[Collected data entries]
-- Opening Marker --

(* Let $d\ge2$, $n\ge1$, $k=\lfloor d/2\rfloor$, let $(p_1,\dots,p_n)\in V(I_{d,n})$ and let $z_1,\dots,z_n\in\mathbb{C}^{2^k}$ be arbitrary. Then: (a) the $n\times n$ matrix $S=(\langle ij\rangle)_{i,j}$ has rank $\le 2^k$ and zero diagonal; $S$ is symmetric if $k\equiv0,3\pmod4$ and skew symmetric otherwise; (b) for each $j$, the $n\times n$ matrix $T_j=(\langle ijk\rangle)_{i,k}$ has rank $\le 2^{k-1}$ and its $j$-th row and $j$-th column are zero (i.e. $\langle jjk\rangle=\langle ijj\rangle=0$); $T_j$ is symmetric if $d\equiv1,2,3,4\pmod8$ and skew symmetric otherwise; (c) $T_1+T_2+\cdots+T_n=0$.
   Context: $x\cdot y=-x_1y_1+x_2y_2+\cdots+x_dy_d$; $V(I_{d,n})\subset(\mathbb{C}^d)^n$ is the set of tuples $(p_1,\dots,p_n)$ with $p_i\cdot p_i=0$ for all $i$ and $\sum_i p_i=0$. Dirac matrices $\Gamma_1,\dots,\Gamma_d$ ($2^k\times2^k$): for $d=2$, $\Gamma_1=\begin{pmatrix}0&1\\-1&0\end{pmatrix}$, $\Gamma_2=\begin{pmatrix}0&1\\1&0\end{pmatrix}$; for even $d=2k\ge4$, with $\Gamma'_j$ those for $d-2$ and $\otimes$ the Kronecker product, $\Gamma_j=\Gamma'_j\otimes\mathrm{diag}(-1,1)$ ($j\le d-2$), $\Gamma_{d-1}=\mathrm{Id}_{2^{k-1}}\otimes\begin{pmatrix}0&1\\1&0\end{pmatrix}$, $\Gamma_d=\mathrm{Id}_{2^{k-1}}\otimes\begin{pmatrix}0&-i\\i&0\end{pmatrix}$; for odd $d=2k+1$, $\Gamma_1,\dots,\Gamma_{2k}$ as for $2k$ and $\Gamma_d=-i^{k-1}\Gamma_1\cdots\Gamma_{2k}$. Put $\Gamma_{2k+1}:=-i^{k-1}\Gamma_1\cdots\Gamma_{2k}$. Charge conjugation matrix: $C=\Gamma_{2k+1}\Gamma_4\Gamma_6\cdots\Gamma_{2k}\Gamma_1$ if $d\equiv0\pmod4$, $C=\Gamma_4\Gamma_6\cdots\Gamma_{2k}\Gamma_1$ otherwise ($C=\Gamma_1$ for $k=1$). For $i=1,\dots,n$ let $P_i=-p_{i1}\Gamma_1+p_{i2}\Gamma_2+\cdots+p_{id}\Gamma_d$ and $|i\rangle=P_iz_i\in\mathbb{C}^{2^k}$. Spinor brackets: $\langle ij\rangle=|i\rangle^TC|j\rangle$ and $\langle ijk\rangle=|i\rangle^TCP_j|k\rangle$. *)

theory Defs
  imports Complex_Main "Jordan_Normal_Form.Matrix" "Jordan_Normal_Form.DL_Rank"
begin

definition kron :: "complex mat \<Rightarrow> complex mat \<Rightarrow> complex mat" where
  "kron A B = mat (dim_row A * dim_row B) (dim_col A * dim_col B)
     (\<lambda>(i,j). A $$ (i div dim_row B, j div dim_col B) * B $$ (i mod dim_row B, j mod dim_col B))"

definition mat2 :: "complex \<Rightarrow> complex \<Rightarrow> complex \<Rightarrow> complex \<Rightarrow> complex mat" where
  "mat2 a b c e = mat_of_rows_list 2 [[a, b], [c, e]]"

(* gamma_even k j : Dirac matrix Gamma_j (j = 1..2k) for d = 2k, k >= 1; a 2^k x 2^k matrix *)
fun gamma_even :: "nat \<Rightarrow> nat \<Rightarrow> complex mat" where
  "gamma_even 0 j = 1\<^sub>m 1"
| "gamma_even (Suc 0) j = (if j = 1 then mat2 0 1 (-1) 0 else mat2 0 1 1 0)"
| "gamma_even (Suc (Suc k)) j =
     (if j \<le> 2 * Suc k then kron (gamma_even (Suc k) j) (mat2 (-1) 0 0 1)
      else if j = 2 * Suc k + 1 then kron (1\<^sub>m (2 ^ Suc k)) (mat2 0 1 1 0)
      else kron (1\<^sub>m (2 ^ Suc k)) (mat2 0 (-\<i>) \<i> 0))"

definition mat_prod_list :: "nat \<Rightarrow> complex mat list \<Rightarrow> complex mat" where
  "mat_prod_list N Ms = foldr (*) Ms (1\<^sub>m N)"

-- Closing Marker --

> [EXERCISE AIM]:
Only the line containing "complex \<Rightarrow> complex \<Rightarrow> complex" and the lines after it, up to and including the last line of the data, should appear in the answer, exactly as written.

> [TASK ANSWER]:
definition mat2 :: "complex \<Rightarrow> complex \<Rightarrow> complex \<Rightarrow> complex \<Rightarrow> complex mat" where
  "mat2 a b c e = mat_of_rows_list 2 [[a, b], [c, e]]"

(* gamma_even k j : Dirac matrix Gamma_j (j = 1..2k) for d = 2k, k >= 1; a 2^k x 2^k matrix *)
fun gamma_even :: "nat \<Rightarrow> nat \<Rightarrow> complex mat" where
  "gamma_even 0 j = 1\<^sub>m 1"
| "gamma_even (Suc 0) j = (if j = 1 then mat2 0 1 (-1) 0 else mat2 0 1 1 0)"
| "gamma_even (Suc (Suc k)) j =
     (if j \<le> 2 * Suc k then kron (gamma_even (Suc k) j) (mat2 (-1) 0 0 1)
      else if j = 2 * Suc k + 1 then kron (1\<^sub>m (2 ^ Suc k)) (mat2 0 1 1 0)
      else kron (1\<^sub>m (2 ^ Suc k)) (mat2 0 (-\<i>) \<i> 0))"

definition mat_prod_list :: "nat \<Rightarrow> complex mat list \<Rightarrow> complex mat" where
  "mat_prod_list N Ms = foldr (*) Ms (1\<^sub>m N)"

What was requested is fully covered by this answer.